Joe Godwin Joins the Board
Long term supporter of CMF Joe Godwin explains why now is the right time to get more involved.
I’m really pleased to have joined the board of CMF. I’ve supported the Foundation for many years, as a lifetime patron and attendee at events. But my work at the BBC meant it was hard for me to be as involved as I would have liked. Now I’ve packed in being paid, and have no master bar my Whippet, it’s great to finally be able to do and say what I like!
I’ve been involved in children’s media since 1989 when I joined the BBC as a trainee assistant producer. CMF Chair Anna Home gave me my first job, and CMF Director Greg Child’s was my first boss, on Record Breakers. So, it must all be destiny – or comeuppance, one or the other.
I worked on a wide range of programmes, including Saturday morning shows Going Live and Live and kicking, and got my first producer job on Blue Peter. I was then responsible for Children’s Presentation, and spent five years at Nickelodeon. There I was Head of Original Production, until it became clear that was never going to be a meaningful occupation, and so I was made Director of Interactive.
I returned to BBC Children’s to run in-house entertainment production, and then added the factual slate. In 2009, I became director of BBC Children’s. Just two years later, giddy with optimism, we moved the entire department to Salford.
When I left BBC Children’s in 2015 to try my hand at other things in other places, CBBC and CBeebies were still clear leaders of a large and largely linear pack. But gaming, streamers and social media were beginning to make bigger inroads into children’s screen time, and the BBC was the last-remaining big spender on UK factual, drama and entertainment content made especially for children.

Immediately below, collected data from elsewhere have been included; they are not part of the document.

theorem mainTheorem11:
  fixes n :: nat and E :: "(nat \<times> nat) set" and w :: "nat \<Rightarrow> nat \<Rightarrow> real"
    and r alpha :: "nat \<Rightarrow> real" and \<pi> :: "(nat \<Rightarrow> bool) pmf"
  assumes "contractor_network n E w r alpha"
    and "stationary n E w r alpha \<pi>"
  shows "(\<forall>t. dTV \<pi> (law n E w r alpha t) \<le> real n * mnorm n (matpow n (AW alpha w) t))
    \<and> (\<forall>d. acyclic E \<and> d > 0 \<and> has_path E d \<and> (\<forall>k. has_path E k \<longrightarrow> k \<le> d) \<longrightarrow>
           (\<forall>eps > 0. tmix \<pi> (law n E w r alpha) eps \<le> ereal (real d)))
    \<and> (\<forall>eps. 0 < eps \<and> eps \<le> real n \<longrightarrow>
           tmix \<pi> (law n E w r alpha) eps
             \<le> ereal (2 + 2 / (1 - mnorm n (matpow n (AW alpha w) 2)) * ln (real n / eps)))"
proof -
  interpret stationary_contractor_net n E w r alpha \<pi>
    using assms by unfold_locales
  show ?thesis
  proof (intro conjI allI impI)
    fix d :: nat and eps :: real
    assume "acyclic E \<and> d > 0 \<and> has_path E d \<and> (\<forall>k. has_path E k \<longrightarrow> k \<le> d)" "eps > 0"
    then have "dTV \<pi> (law n E w r alpha d) \<le> eps"
      using dTV_law_le_0_if_path_length_le[of d] by force
    then show "tmix \<pi> (law n E w r alpha) eps \<le> ereal (real d)"
      by (rule tmix_le)
  qed (use dTV_law_le_mnorm tmix_le_log_bound in auto)
qed

end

In the past 8 years, things haven’t got much rosier for kids media in the UK. The YACF induced the poor commercial broadcasters to dip their toes back into UK kids’ production, and then got shut down; the BBC has moved away from live action UK content towards more animation; and Government and industry still don’t seem to know what we ought to do about online protection of children, or how much they have the appetite for.

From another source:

(* Let $\mathcal T$, $e_0$, $\mathcal T_0$, $\mathcal T_1$, the coordinate $x$, the set $\sigma_1$, the function $\mu^-(\lambda)$ and the functions $U(x,\lambda)$, $V(x,\lambda)$ on $[0,1]$ be as in the context. If $\lambda\in\mathbb C\setminus\sigma_1$, then $V(\cdot,\lambda)$ may be extended to a solution of $-y''=\lambda y$ on $\mathcal T_0$, depending only on $x\in[0,\infty)$, which is continuous and satisfies the jump conditions $y'(x^+)=y'(x^-)/\delta_R$ for even integers $x>0$ and $y'(x^+)=y'(x^-)/\delta_B$ for odd integers $x>0$ (hence the vertex conditions $\sum_{e\sim v}\partial_\nu y_e(v)=0$ at all vertices of $\mathcal T_0$ with $x>0$), and this extension is square integrable on $\mathcal T_0$. Analogously, $U(\cdot,\lambda)$ may be extended to a solution of $-y''=\lambda y$ on $\mathcal T_1$, depending only on $x\in(-\infty,1]$, which is continuous and satisfies $y'(x^-)=y'(x^+)/\delta_R$ for even integers $x<1$ and $y'(x^-)=y'(x^+)/\delta_B$ for odd integers $x<1$ (hence the vertex conditions at all vertices of $\mathcal T_1$ with $x<1$), and this extension is square integrable on $\mathcal T_1$.
   Context: $\mathcal T$ is the infinite biregular tree: vertices split into classes $\mathcal V_R,\mathcal V_B$, each edge joins $\mathcal V_R$ to $\mathcal V_B$, vertices in $\mathcal V_B$ have degree $\delta_B+1$ and in $\mathcal V_R$ degree $\delta_R+1$ ($\delta_B,\delta_R\ge1$ integers); every edge is identified with $[0,1]$. Fix an edge $e_0=\{r_0,b_0\}$ with $r_0\in\mathcal V_R$, identified with $[0,1]$ so that $r_0\leftrightarrow0$, $b_0\leftrightarrow1$. $\mathcal T_0$ is the union of all nonbacktracking rays with vertex sequence $r_0,b_0,r_1,b_1,\dots$; a point of $\mathcal T_0$ gets coordinate $x\in[0,\infty)$ = its distance from $r_0$ (so even integers are $R$-vertices, odd integers $B$-vertices). $\mathcal T_1$ is the union of all nonbacktracking rays with vertex sequence $b_0,r_0,b_{-1},r_{-1},\dots$; a point gets coordinate $x=1-(\text{distance from }b_0)\in(-\infty,1]$. With $\omega=\sqrt\lambda$ put $c=\cos\omega$, $c'=-\omega\sin\omega$, $s=\sin\omega/\omega$, $s'=\cos\omega$, $M_0=\begin{pmatrix}c&s\\c'&s'\end{pmatrix}$, $J_B=\operatorname{diag}(1,1/\delta_B)$, $J_R=\operatorname{diag}(1,1/\delta_R)$, $T_0(\lambda)=J_RM_0J_BM_0$, and $\sigma_1=\{\lambda\in\mathbb C: T_0(\lambda)$ has an eigenvalue of modulus $(\delta_B\delta_R)^{-1/2}\}$. On $\mathbb C\setminus\sigma_1$, $\mu^-(\lambda)$ denotes the analytic choice of eigenvalue of $T_0(\lambda)$ with $|\mu^-(\lambda)|<(\delta_B\delta_R)^{-1/2}$. For $x\in[0,1]$, $V(x,\lambda)=sc(1+\tfrac1{\delta_B})\cos(\omega x)+[\mu^--c^2-\tfrac{sc'}{\delta_B}]\tfrac{\sin(\omega x)}{\omega}$ and $U(x,\lambda)=-sc(1+\tfrac1{\delta_R})\cos(\omega(1-x))-[\mu^--c^2-\tfrac{sc'}{\delta_R}]\tfrac{\sin(\omega(1-x))}{\omega}$. *)

theory Defs
  imports "HOL-Analysis.Analysis"
begin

Add to that growing child poverty and inequality, a war in Europe and a pandemic: kids in the UK need, possibly more than ever, stories focussed on their experience and their needs. But such content is getting thinner on the ground and is struggling to reach the young citizens who need it.

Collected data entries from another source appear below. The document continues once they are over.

(* Let $H$ be a quasitriangular Hopf algebra with universal R-matrix $\mathcal R=\mathcal R^{[1]}\otimes\mathcal R^{[2]}\in H\otimes H$, and let $H^*$ be a Hopf algebra in nondegenerate duality with $H$ (e.g. $H$ finite-dimensional). Let $D(H)$, the covariant algebra $\underline{H^*}$, the actions and the map $Q$ be as defined in the context. Then $Q:\underline{H^*}\to H$ is a map of covariant algebras: it is an algebra homomorphism from $\underline{H^*}$ to $H$, and for all $h\in H$, $a,b\in H^*$, $$Q\big((h\otimes a)\triangleright b\big)=(h\otimes a)\triangleright Q(b),$$ where on the left the action of $D(H)$ on $\underline{H^*}$ is used and on the right the action of $D(H)$ on $H$ is used.
   Context: Notation: $\Delta h=h_{(1)}\otimes h_{(2)}$ (Sweedler notation, with further indices for iterated coproducts), $S$ the antipode, $\langle\ ,\ \rangle$ the pairing between $H$ and $H^*$. For $x,y\in H^*$ write $\mathcal R(x, y)=\langle x,\mathcal R^{[1]}\rangle\langle y,\mathcal R^{[2]}\rangle$. The quantum double $D(H)=H\bowtie H^{*\mathrm{op}}$ is the Hopf algebra built on $H\otimes H^*$ with the tensor product coproduct, the Hopf structure of $H$ and of $H^{*\mathrm{op}}$ (the opposite product of $H^*$) on the two factors, and product $$(h\otimes a)(g\otimes b)=hg_{(2)}\otimes b\,a_{(2)}\,\langle g_{(1)},a_{(1)}\rangle\langle Sg_{(3)},a_{(3)}\rangle,\qquad h,g\in H,\ a,b\in H^*,$$ where $b\,a_{(2)}$ is the product in $H^*$. $D(H)$ acts on the algebra $H$ by $(h\otimes a)\triangleright \phi=\langle \phi_{(1)},a\rangle\, h_{(1)}\phi_{(2)}Sh_{(2)}$ for $\phi\in H$ (coproduct of $H$). The algebra $\underline{H^*}$ is the vector space $H^*$ with the product $a\,\underline{\cdot}\,b=a_{(2)}b_{(2)}\,\mathcal R\big((Sa_{(1)})a_{(3)}, Sb_{(1)}\big)$, and $D(H)$ acts on it by $$(h\otimes a)\triangleright b=b_{(3)}\,\langle h,(Sb_{(2)})b_{(4)}\rangle\,\mathcal R(a_{(1)},b_{(1)})\,\mathcal R(b_{(5)},a_{(2)}).$$ Let $\mathcal Q=\mathcal R_{21}\mathcal R=\mathcal Q^{[1]}\otimes\mathcal Q^{[2]}\in H\otimes H$ and define $Q:H^*\to H$ by $Q(a)=\langle a,\mathcal Q^{[1]}\rangle\mathcal Q^{[2]}$. A covariant system means a Hopf algebra acting on an algebra $A$ with $h\triangleright(ab)=(h_{(1)}\triangleright a)(h_{(2)}\triangleright b)$ and $h\triangleright 1=\epsilon(h)1$. *)

theory Defs
  imports Complex_Main
begin

text \<open>Elements of tensor powers are represented by finite
  lists of simple tensors (their sum); two such lists denote the same tensor iff all
  multilinear forms agree on them (intrinsic equality in the tensor product).\<close>

record ('k, 'v) hopf =
  hscl :: "'k \<Rightarrow> 'v \<Rightarrow> 'v"
  hmul :: "'v \<Rightarrow> 'v \<Rightarrow> 'v"
  hone :: "'v"
  hcop :: "'v \<Rightarrow> ('v \<times> 'v) list"
  heps :: "'v \<Rightarrow> 'k"
  hant :: "'v \<Rightarrow> 'v"

definition lin_map ::
  "('k::field \<Rightarrow> 'u::ab_group_add \<Rightarrow> 'u) \<Rightarrow> ('k \<Rightarrow> 'w::ab_group_add \<Rightarrow> 'w) \<Rightarrow> ('u \<Rightarrow> 'w) \<Rightarrow> bool" where
  "lin_map s t f \<longleftrightarrow> (\<forall>x y. f (x + y) = f x + f y) \<and> (\<forall>c x. f (s c x) = t c (f x))"

definition bilin_map ::
  "('k::field \<Rightarrow> 'u::ab_group_add \<Rightarrow> 'u) \<Rightarrow> ('k \<Rightarrow> 'v::ab_group_add \<Rightarrow> 'v)
    \<Rightarrow> ('k \<Rightarrow> 'w::ab_group_add \<Rightarrow> 'w) \<Rightarrow> ('u \<Rightarrow> 'v \<Rightarrow> 'w) \<Rightarrow> bool" where
  "bilin_map s1 s2 t f \<longleftrightarrow> (\<forall>y. lin_map s1 t (\<lambda>x. f x y)) \<and> (\<forall>x. lin_map s2 t (f x))"

definition trilin_map ::
  "('k::field \<Rightarrow> 'u::ab_group_add \<Rightarrow> 'u) \<Rightarrow> ('k \<Rightarrow> 'w::ab_group_add \<Rightarrow> 'w) \<Rightarrow> ('u \<Rightarrow> 'u \<Rightarrow> 'u \<Rightarrow> 'w) \<Rightarrow> bool" where
  "trilin_map s t f \<longleftrightarrow> (\<forall>y z. lin_map s t (\<lambda>x. f x y z)) \<and> (\<forall>x z. lin_map s t (\<lambda>y. f x y z))
      \<and> (\<forall>x y. lin_map s t (f x y))"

My personal view is that regulators have let too many PSB broadcasters, with their privileged use of valuable spectrum, off the hook when it comes to kids’ content. The trade-off for this privilege should be that they don’t need bribing to do it, and they should be required to do more. And of course, the BBC children’s content should be cherished and protected, but Ofcom mustn’t let the BBC join a race to the overcrowded bottom.
Which is a long-winded way of saying that there’s a bigger need than ever for the work of the CMF, and I’m really looking forward to entering the fray.